**Exercise objective**
With the line containing "proof (intro conjI ballI)" as the start and the line containing "by (intro sum_mono) (simp" as the end, transcribe that span of the entries below exactly, including both.

**The records**
+-------+
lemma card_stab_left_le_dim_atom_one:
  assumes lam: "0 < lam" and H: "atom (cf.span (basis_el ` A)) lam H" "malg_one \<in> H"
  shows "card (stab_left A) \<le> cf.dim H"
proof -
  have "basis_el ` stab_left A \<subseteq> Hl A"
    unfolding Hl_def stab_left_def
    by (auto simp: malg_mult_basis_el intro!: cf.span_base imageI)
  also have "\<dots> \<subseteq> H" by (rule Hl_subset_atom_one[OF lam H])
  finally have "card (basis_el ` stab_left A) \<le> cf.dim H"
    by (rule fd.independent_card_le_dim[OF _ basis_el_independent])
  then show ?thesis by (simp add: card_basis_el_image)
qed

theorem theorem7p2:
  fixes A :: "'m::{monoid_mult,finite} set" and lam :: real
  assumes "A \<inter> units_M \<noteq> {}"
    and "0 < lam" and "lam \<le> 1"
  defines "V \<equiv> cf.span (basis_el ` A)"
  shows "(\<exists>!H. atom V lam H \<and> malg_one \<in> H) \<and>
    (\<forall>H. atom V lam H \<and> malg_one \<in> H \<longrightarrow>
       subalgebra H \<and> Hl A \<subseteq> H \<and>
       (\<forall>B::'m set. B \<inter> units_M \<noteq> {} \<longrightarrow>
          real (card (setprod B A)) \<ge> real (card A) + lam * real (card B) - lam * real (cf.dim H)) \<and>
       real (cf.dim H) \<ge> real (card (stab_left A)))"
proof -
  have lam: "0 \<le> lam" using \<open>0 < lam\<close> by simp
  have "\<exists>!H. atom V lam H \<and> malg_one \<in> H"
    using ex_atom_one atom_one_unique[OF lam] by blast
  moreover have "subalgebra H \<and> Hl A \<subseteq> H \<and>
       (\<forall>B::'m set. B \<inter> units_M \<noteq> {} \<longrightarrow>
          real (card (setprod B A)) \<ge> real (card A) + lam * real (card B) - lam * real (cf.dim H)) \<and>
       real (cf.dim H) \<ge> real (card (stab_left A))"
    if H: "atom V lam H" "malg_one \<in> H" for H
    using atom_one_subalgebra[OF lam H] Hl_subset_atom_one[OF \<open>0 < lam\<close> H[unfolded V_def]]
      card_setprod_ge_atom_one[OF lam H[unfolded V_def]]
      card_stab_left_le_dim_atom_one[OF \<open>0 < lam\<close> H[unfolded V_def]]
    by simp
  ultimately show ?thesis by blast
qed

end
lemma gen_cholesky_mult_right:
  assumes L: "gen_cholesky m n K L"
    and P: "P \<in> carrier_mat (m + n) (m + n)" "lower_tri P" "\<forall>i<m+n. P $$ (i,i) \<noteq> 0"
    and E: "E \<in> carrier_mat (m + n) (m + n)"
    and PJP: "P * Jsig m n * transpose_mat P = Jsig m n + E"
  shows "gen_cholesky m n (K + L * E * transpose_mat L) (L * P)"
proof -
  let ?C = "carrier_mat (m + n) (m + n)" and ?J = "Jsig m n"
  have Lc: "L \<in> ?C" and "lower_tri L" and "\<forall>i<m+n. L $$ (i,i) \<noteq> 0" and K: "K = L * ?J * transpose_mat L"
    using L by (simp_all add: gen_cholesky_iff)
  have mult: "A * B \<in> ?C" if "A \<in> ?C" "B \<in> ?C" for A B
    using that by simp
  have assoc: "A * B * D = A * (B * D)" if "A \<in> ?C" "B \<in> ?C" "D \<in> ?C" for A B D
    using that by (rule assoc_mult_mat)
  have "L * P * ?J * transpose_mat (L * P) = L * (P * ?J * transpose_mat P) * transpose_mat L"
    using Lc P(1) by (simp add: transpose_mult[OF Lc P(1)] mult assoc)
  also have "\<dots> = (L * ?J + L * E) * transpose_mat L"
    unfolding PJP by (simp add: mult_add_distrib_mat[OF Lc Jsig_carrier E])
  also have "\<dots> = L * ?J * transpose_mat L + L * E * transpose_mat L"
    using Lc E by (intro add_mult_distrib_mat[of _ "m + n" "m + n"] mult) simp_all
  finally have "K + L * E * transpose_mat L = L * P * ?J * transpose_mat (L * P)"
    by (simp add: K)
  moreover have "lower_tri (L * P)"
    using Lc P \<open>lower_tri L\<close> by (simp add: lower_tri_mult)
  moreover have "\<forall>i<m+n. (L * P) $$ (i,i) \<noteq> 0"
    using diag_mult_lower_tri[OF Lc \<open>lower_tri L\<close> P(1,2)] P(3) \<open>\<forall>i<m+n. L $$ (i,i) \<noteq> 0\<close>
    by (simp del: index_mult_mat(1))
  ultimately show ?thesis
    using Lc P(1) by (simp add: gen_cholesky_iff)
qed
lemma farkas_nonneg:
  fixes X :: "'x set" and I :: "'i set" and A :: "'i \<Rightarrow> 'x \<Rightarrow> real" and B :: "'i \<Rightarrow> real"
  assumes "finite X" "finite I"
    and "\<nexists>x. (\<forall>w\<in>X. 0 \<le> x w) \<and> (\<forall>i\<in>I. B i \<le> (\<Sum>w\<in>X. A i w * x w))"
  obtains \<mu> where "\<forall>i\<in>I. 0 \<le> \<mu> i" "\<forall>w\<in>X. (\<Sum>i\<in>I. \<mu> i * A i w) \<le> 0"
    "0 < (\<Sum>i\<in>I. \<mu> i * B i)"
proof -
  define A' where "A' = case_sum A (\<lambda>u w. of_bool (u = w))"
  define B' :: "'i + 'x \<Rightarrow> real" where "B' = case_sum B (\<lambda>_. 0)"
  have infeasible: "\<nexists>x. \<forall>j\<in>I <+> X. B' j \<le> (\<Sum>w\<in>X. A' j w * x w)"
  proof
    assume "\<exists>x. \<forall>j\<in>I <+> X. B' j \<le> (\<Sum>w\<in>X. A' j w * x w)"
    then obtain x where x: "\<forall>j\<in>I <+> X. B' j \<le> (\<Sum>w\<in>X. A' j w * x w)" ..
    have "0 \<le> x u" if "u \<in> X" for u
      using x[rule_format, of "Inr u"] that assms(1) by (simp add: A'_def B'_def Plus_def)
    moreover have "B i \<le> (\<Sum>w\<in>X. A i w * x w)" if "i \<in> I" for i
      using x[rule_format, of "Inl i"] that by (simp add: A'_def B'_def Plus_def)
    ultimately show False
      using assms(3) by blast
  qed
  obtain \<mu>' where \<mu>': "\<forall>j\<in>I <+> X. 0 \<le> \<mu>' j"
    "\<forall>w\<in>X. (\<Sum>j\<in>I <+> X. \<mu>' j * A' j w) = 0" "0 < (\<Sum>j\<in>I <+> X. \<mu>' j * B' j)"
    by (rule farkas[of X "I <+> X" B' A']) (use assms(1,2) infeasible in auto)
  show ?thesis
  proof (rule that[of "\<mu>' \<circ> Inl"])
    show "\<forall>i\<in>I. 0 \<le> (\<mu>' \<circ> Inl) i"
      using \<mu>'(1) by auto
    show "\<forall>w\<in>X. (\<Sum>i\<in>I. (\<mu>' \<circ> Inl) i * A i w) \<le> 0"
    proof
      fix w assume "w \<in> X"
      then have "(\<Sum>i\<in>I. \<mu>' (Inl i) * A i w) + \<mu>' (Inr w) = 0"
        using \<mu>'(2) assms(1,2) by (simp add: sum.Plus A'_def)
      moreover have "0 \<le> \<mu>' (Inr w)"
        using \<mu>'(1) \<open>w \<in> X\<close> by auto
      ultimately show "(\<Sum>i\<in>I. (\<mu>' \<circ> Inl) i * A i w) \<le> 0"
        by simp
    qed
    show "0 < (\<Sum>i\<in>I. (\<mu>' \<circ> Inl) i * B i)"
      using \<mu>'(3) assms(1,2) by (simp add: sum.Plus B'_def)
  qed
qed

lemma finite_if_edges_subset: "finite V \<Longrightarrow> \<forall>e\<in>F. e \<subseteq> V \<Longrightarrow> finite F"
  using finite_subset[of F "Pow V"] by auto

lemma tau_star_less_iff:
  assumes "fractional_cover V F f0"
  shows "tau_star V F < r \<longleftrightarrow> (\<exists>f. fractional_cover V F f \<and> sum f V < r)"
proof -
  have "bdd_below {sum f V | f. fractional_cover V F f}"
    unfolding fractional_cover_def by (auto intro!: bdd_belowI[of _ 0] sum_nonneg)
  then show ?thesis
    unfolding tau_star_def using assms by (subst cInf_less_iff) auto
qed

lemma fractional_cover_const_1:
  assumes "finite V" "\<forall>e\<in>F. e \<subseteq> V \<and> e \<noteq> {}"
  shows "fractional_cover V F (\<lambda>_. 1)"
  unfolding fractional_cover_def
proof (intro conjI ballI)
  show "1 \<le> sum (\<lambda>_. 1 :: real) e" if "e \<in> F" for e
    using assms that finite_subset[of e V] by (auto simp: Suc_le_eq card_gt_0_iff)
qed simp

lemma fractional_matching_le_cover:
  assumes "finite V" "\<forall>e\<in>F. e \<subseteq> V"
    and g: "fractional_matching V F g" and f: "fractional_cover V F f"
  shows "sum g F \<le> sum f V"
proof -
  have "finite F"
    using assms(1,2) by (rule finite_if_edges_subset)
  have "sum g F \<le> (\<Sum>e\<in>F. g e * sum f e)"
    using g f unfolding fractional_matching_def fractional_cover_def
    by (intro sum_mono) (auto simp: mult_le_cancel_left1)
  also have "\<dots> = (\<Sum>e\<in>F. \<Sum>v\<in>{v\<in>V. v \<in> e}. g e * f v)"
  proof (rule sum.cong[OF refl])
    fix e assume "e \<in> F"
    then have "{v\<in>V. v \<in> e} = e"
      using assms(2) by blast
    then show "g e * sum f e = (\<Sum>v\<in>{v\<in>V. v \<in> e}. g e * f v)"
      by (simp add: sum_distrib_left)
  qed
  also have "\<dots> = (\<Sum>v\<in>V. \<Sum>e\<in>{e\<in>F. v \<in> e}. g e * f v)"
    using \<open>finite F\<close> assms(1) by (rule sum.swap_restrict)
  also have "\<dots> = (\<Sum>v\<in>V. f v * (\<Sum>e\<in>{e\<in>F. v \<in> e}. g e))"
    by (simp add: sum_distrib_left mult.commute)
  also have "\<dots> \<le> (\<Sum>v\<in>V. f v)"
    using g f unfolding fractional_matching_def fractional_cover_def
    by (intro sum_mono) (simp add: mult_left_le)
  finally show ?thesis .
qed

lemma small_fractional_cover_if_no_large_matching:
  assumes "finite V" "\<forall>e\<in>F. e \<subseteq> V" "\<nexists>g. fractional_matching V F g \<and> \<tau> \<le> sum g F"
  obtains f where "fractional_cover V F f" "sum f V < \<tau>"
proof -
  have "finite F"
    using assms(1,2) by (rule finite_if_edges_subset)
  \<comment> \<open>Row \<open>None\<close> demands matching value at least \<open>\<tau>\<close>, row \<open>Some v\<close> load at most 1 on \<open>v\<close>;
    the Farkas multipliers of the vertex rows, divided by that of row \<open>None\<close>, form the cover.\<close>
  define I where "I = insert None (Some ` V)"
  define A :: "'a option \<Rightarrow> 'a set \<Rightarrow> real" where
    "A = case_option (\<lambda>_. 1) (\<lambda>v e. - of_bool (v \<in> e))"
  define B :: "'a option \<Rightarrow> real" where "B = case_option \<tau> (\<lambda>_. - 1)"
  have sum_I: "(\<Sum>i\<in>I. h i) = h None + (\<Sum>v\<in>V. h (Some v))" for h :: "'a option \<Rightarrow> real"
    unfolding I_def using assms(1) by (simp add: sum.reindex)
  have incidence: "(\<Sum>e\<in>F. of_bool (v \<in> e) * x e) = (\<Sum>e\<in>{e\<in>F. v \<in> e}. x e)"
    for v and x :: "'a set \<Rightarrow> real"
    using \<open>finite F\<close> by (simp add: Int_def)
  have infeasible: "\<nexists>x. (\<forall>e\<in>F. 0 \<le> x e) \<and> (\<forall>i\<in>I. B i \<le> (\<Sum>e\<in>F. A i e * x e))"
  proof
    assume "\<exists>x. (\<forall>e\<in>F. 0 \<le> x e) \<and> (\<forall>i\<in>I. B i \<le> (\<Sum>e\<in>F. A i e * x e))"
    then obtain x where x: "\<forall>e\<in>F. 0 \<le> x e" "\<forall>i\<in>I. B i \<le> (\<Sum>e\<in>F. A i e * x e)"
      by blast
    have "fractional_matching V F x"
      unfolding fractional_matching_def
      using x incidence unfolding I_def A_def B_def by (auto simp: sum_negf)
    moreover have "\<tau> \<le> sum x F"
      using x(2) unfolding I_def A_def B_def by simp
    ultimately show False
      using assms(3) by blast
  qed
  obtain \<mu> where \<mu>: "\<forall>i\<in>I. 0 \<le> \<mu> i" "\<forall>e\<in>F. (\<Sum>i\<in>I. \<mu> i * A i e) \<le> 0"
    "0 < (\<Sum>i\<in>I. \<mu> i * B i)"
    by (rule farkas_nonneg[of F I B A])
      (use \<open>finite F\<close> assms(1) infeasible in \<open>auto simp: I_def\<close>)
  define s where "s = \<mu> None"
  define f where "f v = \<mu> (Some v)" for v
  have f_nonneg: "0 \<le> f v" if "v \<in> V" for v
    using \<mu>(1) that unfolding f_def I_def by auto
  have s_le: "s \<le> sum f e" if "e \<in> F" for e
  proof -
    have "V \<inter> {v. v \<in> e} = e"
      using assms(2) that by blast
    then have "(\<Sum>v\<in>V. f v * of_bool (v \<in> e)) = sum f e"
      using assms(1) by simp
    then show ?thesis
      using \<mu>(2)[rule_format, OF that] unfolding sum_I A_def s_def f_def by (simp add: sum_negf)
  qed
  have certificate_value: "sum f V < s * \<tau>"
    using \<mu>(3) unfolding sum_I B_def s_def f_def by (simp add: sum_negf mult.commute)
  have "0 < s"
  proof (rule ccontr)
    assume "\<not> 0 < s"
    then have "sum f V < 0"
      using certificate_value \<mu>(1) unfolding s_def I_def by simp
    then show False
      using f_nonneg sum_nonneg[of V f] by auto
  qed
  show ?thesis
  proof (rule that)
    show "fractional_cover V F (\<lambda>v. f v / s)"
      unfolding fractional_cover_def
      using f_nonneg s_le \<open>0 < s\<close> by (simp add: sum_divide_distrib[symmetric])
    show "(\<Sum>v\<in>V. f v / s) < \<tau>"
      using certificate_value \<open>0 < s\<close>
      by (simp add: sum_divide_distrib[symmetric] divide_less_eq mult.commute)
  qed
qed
+-------+
**Expected output**
proof (intro conjI ballI)
  show "1 \<le> sum (\<lambda>_. 1 :: real) e" if "e \<in> F" for e
    using assms that finite_subset[of e V] by (auto simp: Suc_le_eq card_gt_0_iff)
qed simp

lemma fractional_matching_le_cover:
  assumes "finite V" "\<forall>e\<in>F. e \<subseteq> V"
    and g: "fractional_matching V F g" and f: "fractional_cover V F f"
  shows "sum g F \<le> sum f V"
proof -
  have "finite F"
    using assms(1,2) by (rule finite_if_edges_subset)
  have "sum g F \<le> (\<Sum>e\<in>F. g e * sum f e)"
    using g f unfolding fractional_matching_def fractional_cover_def
    by (intro sum_mono) (auto simp: mult_le_cancel_left1)
  also have "\<dots> = (\<Sum>e\<in>F. \<Sum>v\<in>{v\<in>V. v \<in> e}. g e * f v)"
  proof (rule sum.cong[OF refl])
    fix e assume "e \<in> F"
    then have "{v\<in>V. v \<in> e} = e"
      using assms(2) by blast
    then show "g e * sum f e = (\<Sum>v\<in>{v\<in>V. v \<in> e}. g e * f v)"
      by (simp add: sum_distrib_left)
  qed
  also have "\<dots> = (\<Sum>v\<in>V. \<Sum>e\<in>{e\<in>F. v \<in> e}. g e * f v)"
    using \<open>finite F\<close> assms(1) by (rule sum.swap_restrict)
  also have "\<dots> = (\<Sum>v\<in>V. f v * (\<Sum>e\<in>{e\<in>F. v \<in> e}. g e))"
    by (simp add: sum_distrib_left mult.commute)
  also have "\<dots> \<le> (\<Sum>v\<in>V. f v)"
    using g f unfolding fractional_matching_def fractional_cover_def
    by (intro sum_mono) (simp add: mult_left_le)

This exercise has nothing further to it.